The Future object provides various methods that can be used to check on the
progress of the scheduled callable. These include:

cancel()
    Attempt to cancel the call.
cancelled()
    Return True if the call was successfully cancelled.
running()
    Return True if the call is currently being executed and cannot be
    cancelled.
done()
    Return True if the call was successfully cancelled or finished running.
result()
    Return the value returned by the call. Note that this call will block until
    the scheduled callable returns by default.
exception()
    Return the exception raised by the call. If no exception was raised then
    this returns None. Note that this will block just like `result()`.
add_done_callback(fn)
    Attach a callback function that will be executed (as `fn(future)`) when the
    scheduled callable returns.


.. code-block:: python

    from concurrent.futures import ProcessPoolExecutor, as_completed

    def is_prime(n):
        if n % 2 == 0:
            return n, False

        sqrt_n = int(n**0.5)
        for i in range(3, sqrt_n + 1, 2):
            if n % i == 0:
                return n, False
        return n, True

    PRIMES = [
        112272535095293,
        112582705942171,
        112272535095293,
        115280095190773,
        115797848077099,
        1099726899285419]

    futures = []
    with ProcessPoolExecutor(max_workers=4) as pool:
        # Schedule the ProcessPoolExecutor to check if a number is prime
        # and add the returned Future to our list of futures
        for p in PRIMES:
            fut = pool.submit(is_prime, p)
            futures.append(fut)

    # As the jobs are completed, print out the results
    for number, result in as_completed(futures):
        if result:
            print("{} is prime".format(number))
        else:
            print("{} is not prime".format(number))

The `concurrent.futures`_ module contains two helper functions for working with
Futures. The `as_completed(futures)` function returns an iterator over the list
of futures, yielding the futures as they complete.

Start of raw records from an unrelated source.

(* Let $G$ be a finite group with $Z(G)=1$, $H\subseteq G$ an abelian subgroup, $\omega$ a non-degenerate 2-cocycle on $\widehat H$, and $A=(kG)^J$ with $J=\sum_{\alpha,\beta\in\widehat H}\omega(\alpha,\beta)e_\alpha\otimes e_\beta$. Then $|H|$ divides $[A^*:G(A^* )\cap Z(A^* )]=\dim A/|G(A^* )\cap Z(A^* )|$.
   Context: $k$ is an algebraically closed field of characteristic zero. For a twist $J$ in a Hopf algebra $A$, $A^J$ is the Hopf algebra with the same algebra and counit, comultiplication $\Delta^J(h)=J^{-1}\Delta(h)J$ and antipode $S^J(h)=v^{-1}S(h)v$, $v=m(S\otimes\mathrm{id})(J)$. For an abelian subgroup $H$ of $G$, $\widehat H$ is its character group, $e_\chi=\frac{1}{|H|}\sum_{h\in H}\chi(h^{-1})h$ for $\chi\in\widehat H$, and for a 2-cocycle $\omega$ on $\widehat H$ the element $J=\sum\omega(\alpha,\beta)e_\alpha\otimes e_\beta$ is a twist in $kG$. $\chi\in\widehat H$ is $\omega$-regular if $\omega(\chi,\psi)=\omega(\psi,\chi)$ for all $\psi\in\widehat H$; $\omega$ is non-degenerate if only the trivial character is $\omega$-regular. $G(A^* )=\widehat G$ is the group of group-likes of $A^*$ and $Z(A^* )$ its center. *)

theory Defs
  imports "HOL-Algebra.Group" "HOL-Computational_Algebra.Polynomial"
begin

text \<open>k algebraically closed (of characteristic zero via the type class field_char_0).\<close>
definition alg_closed :: "'k::field itself \<Rightarrow> bool" where
  "alg_closed _ \<longleftrightarrow> (\<forall>p :: 'k poly. degree p \<ge> 1 \<longrightarrow> (\<exists>x. poly p x = 0))"

definition grp_center :: "('a, 'b) monoid_scheme \<Rightarrow> 'a set" where
  "grp_center G = {z \<in> carrier G. \<forall>g \<in> carrier G. z \<otimes>\<^bsub>G\<^esub> g = g \<otimes>\<^bsub>G\<^esub> z}"

text \<open>Character group of an abelian subgroup H: homomorphisms H \<rightarrow> k^*,
  represented as functions vanishing outside H.\<close>
definition chars :: "('a, 'b) monoid_scheme \<Rightarrow> 'a set \<Rightarrow> ('a \<Rightarrow> 'k::field) set" where
  "chars G H = {\<chi>. (\<forall>x\<in>H. \<forall>y\<in>H. \<chi> (x \<otimes>\<^bsub>G\<^esub> y) = \<chi> x * \<chi> y)
                  \<and> \<chi> \<one>\<^bsub>G\<^esub> = 1 \<and> (\<forall>x. x \<notin> H \<longrightarrow> \<chi> x = 0)}"

definition char_mult :: "'a set \<Rightarrow> ('a \<Rightarrow> 'k::field) \<Rightarrow> ('a \<Rightarrow> 'k) \<Rightarrow> ('a \<Rightarrow> 'k)" where
  "char_mult H \<alpha> \<beta> = (\<lambda>x. if x \<in> H then \<alpha> x * \<beta> x else 0)"

definition char_one :: "'a set \<Rightarrow> ('a \<Rightarrow> 'k::field)" where
  "char_one H = (\<lambda>x. if x \<in> H then 1 else 0)"

definition is_2cocycle :: "('a, 'b) monoid_scheme \<Rightarrow> 'a set \<Rightarrow> (('a \<Rightarrow> 'k::field) \<Rightarrow> ('a \<Rightarrow> 'k) \<Rightarrow> 'k) \<Rightarrow> bool" where
  "is_2cocycle G H \<omega> \<longleftrightarrow>
     (\<forall>\<alpha>\<in>chars G H. \<forall>\<beta>\<in>chars G H. \<omega> \<alpha> \<beta> \<noteq> 0) \<and>
     (\<forall>\<alpha>\<in>chars G H. \<forall>\<beta>\<in>chars G H. \<forall>\<gamma>\<in>chars G H.
        \<omega> \<alpha> \<beta> * \<omega> (char_mult H \<alpha> \<beta>) \<gamma> = \<omega> \<beta> \<gamma> * \<omega> \<alpha> (char_mult H \<beta> \<gamma>))"

definition omega_regular :: "('a, 'b) monoid_scheme \<Rightarrow> 'a set \<Rightarrow> (('a \<Rightarrow> 'k::field) \<Rightarrow> ('a \<Rightarrow> 'k) \<Rightarrow> 'k) \<Rightarrow> ('a \<Rightarrow> 'k) \<Rightarrow> bool" where
  "omega_regular G H \<omega> \<chi> \<longleftrightarrow> (\<forall>\<psi>\<in>chars G H. \<omega> \<chi> \<psi> = \<omega> \<psi> \<chi>)"

definition nondegenerate :: "('a, 'b) monoid_scheme \<Rightarrow> 'a set \<Rightarrow> (('a \<Rightarrow> 'k::field) \<Rightarrow> ('a \<Rightarrow> 'k) \<Rightarrow> 'k) \<Rightarrow> bool" where
  "nondegenerate G H \<omega> \<longleftrightarrow> (\<forall>\<chi>\<in>chars G H. omega_regular G H \<omega> \<chi> \<longrightarrow> \<chi> = char_one H)"

text \<open>Elements of kG are coefficient functions on carrier G; elements of kG \<otimes> kG = k[G\<times>G]
  are coefficient functions on carrier G \<times> carrier G.\<close>

definition idem :: "('a, 'b) monoid_scheme \<Rightarrow> 'a set \<Rightarrow> ('a \<Rightarrow> 'k::field) \<Rightarrow> ('a \<Rightarrow> 'k)" where
  "idem G H \<chi> = (\<lambda>x. if x \<in> H then \<chi> (inv\<^bsub>G\<^esub> x) / of_nat (card H) else 0)"

definition twist_J :: "('a, 'b) monoid_scheme \<Rightarrow> 'a set \<Rightarrow> (('a \<Rightarrow> 'k::field) \<Rightarrow> ('a \<Rightarrow> 'k) \<Rightarrow> 'k) \<Rightarrow> ('a \<times> 'a \<Rightarrow> 'k)" where
  "twist_J G H \<omega> = (\<lambda>(x, y). \<Sum>\<alpha>\<in>chars G H. \<Sum>\<beta>\<in>chars G H. \<omega> \<alpha> \<beta> * idem G H \<alpha> x * idem G H \<beta> y)"

definition tmult :: "('a, 'b) monoid_scheme \<Rightarrow> ('a \<times> 'a \<Rightarrow> 'k::field) \<Rightarrow> ('a \<times> 'a \<Rightarrow> 'k) \<Rightarrow> ('a \<times> 'a \<Rightarrow> 'k)" where
  "tmult G F F' = (\<lambda>(x, y). if x \<in> carrier G \<and> y \<in> carrier G then
      (\<Sum>(a, b)\<in>carrier G \<times> carrier G. F (a, b) * F' (inv\<^bsub>G\<^esub> a \<otimes>\<^bsub>G\<^esub> x, inv\<^bsub>G\<^esub> b \<otimes>\<^bsub>G\<^esub> y))
    else 0)"

definition tunit :: "('a, 'b) monoid_scheme \<Rightarrow> ('a \<times> 'a \<Rightarrow> 'k::field)" where
  "tunit G = (\<lambda>p. if p = (\<one>\<^bsub>G\<^esub>, \<one>\<^bsub>G\<^esub>) then 1 else 0)"

definition tsupp :: "('a, 'b) monoid_scheme \<Rightarrow> ('a \<times> 'a \<Rightarrow> 'k::field) \<Rightarrow> bool" where
  "tsupp G F \<longleftrightarrow> (\<forall>p. p \<notin> carrier G \<times> carrier G \<longrightarrow> F p = 0)"

definition twist_Jinv :: "('a, 'b) monoid_scheme \<Rightarrow> 'a set \<Rightarrow> (('a \<Rightarrow> 'k::field) \<Rightarrow> ('a \<Rightarrow> 'k) \<Rightarrow> 'k) \<Rightarrow> ('a \<times> 'a \<Rightarrow> 'k)" where
  "twist_Jinv G H \<omega> = (THE X. tsupp G X \<and> tmult G (twist_J G H \<omega>) X = tunit G
                                 \<and> tmult G X (twist_J G H \<omega>) = tunit G)"

text \<open>Twisted comultiplication on a basis element h \<in> G: J^{-1} (h \<otimes> h) J.\<close>
definition DeltaJ :: "('a, 'b) monoid_scheme \<Rightarrow> 'a set \<Rightarrow> (('a \<Rightarrow> 'k::field) \<Rightarrow> ('a \<Rightarrow> 'k) \<Rightarrow> 'k) \<Rightarrow> 'a \<Rightarrow> ('a \<times> 'a \<Rightarrow> 'k)" where
  "DeltaJ G H \<omega> h = tmult G (tmult G (twist_Jinv G H \<omega>) (\<lambda>p. if p = (h, h) then 1 else 0)) (twist_J G H \<omega>)"

text \<open>The dual A* of A = (kG)^J: linear functionals, determined by their values on G
  (represented as functions vanishing outside carrier G). Product dual to \<Delta>^J.\<close>
definition dual_mult :: "('a, 'b) monoid_scheme \<Rightarrow> 'a set \<Rightarrow> (('a \<Rightarrow> 'k::field) \<Rightarrow> ('a \<Rightarrow> 'k) \<Rightarrow> 'k) \<Rightarrow> ('a \<Rightarrow> 'k) \<Rightarrow> ('a \<Rightarrow> 'k) \<Rightarrow> ('a \<Rightarrow> 'k)" where
  "dual_mult G H \<omega> \<phi> \<psi> = (\<lambda>h. if h \<in> carrier G then
      (\<Sum>(x, y)\<in>carrier G \<times> carrier G. DeltaJ G H \<omega> h (x, y) * \<phi> x * \<psi> y) else 0)"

The `wait(futures)` function will simply block until all futures in the list of
futures provided have completed.

For more information, on using the `concurrent.futures`_ module, consult the
official documentation.

threading
---------

The standard library comes with a `threading`_ module that allows a user to
work with multiple threads manually.

Running a function in another thread is as simple as passing a callable and
its arguments to `Thread`'s constructor and then calling `start()`:

.. code-block:: python

    from threading import Thread
    import requests

    def get_webpage(url):
        page = requests.get(url)
        return page

    some_thread = Thread(get_webpage, 'http://google.com/')
    some_thread.start()

To wait until the thread has terminated, call `join()`:

.. code-block:: python

    some_thread.join()

After calling `join()`, it is always a good idea to check whether the thread is
still alive (because the join call timed out):

.. code-block:: python

    if some_thread.is_alive():
        print("join() must have timed out.")
    else:
        print("Our thread has terminated.")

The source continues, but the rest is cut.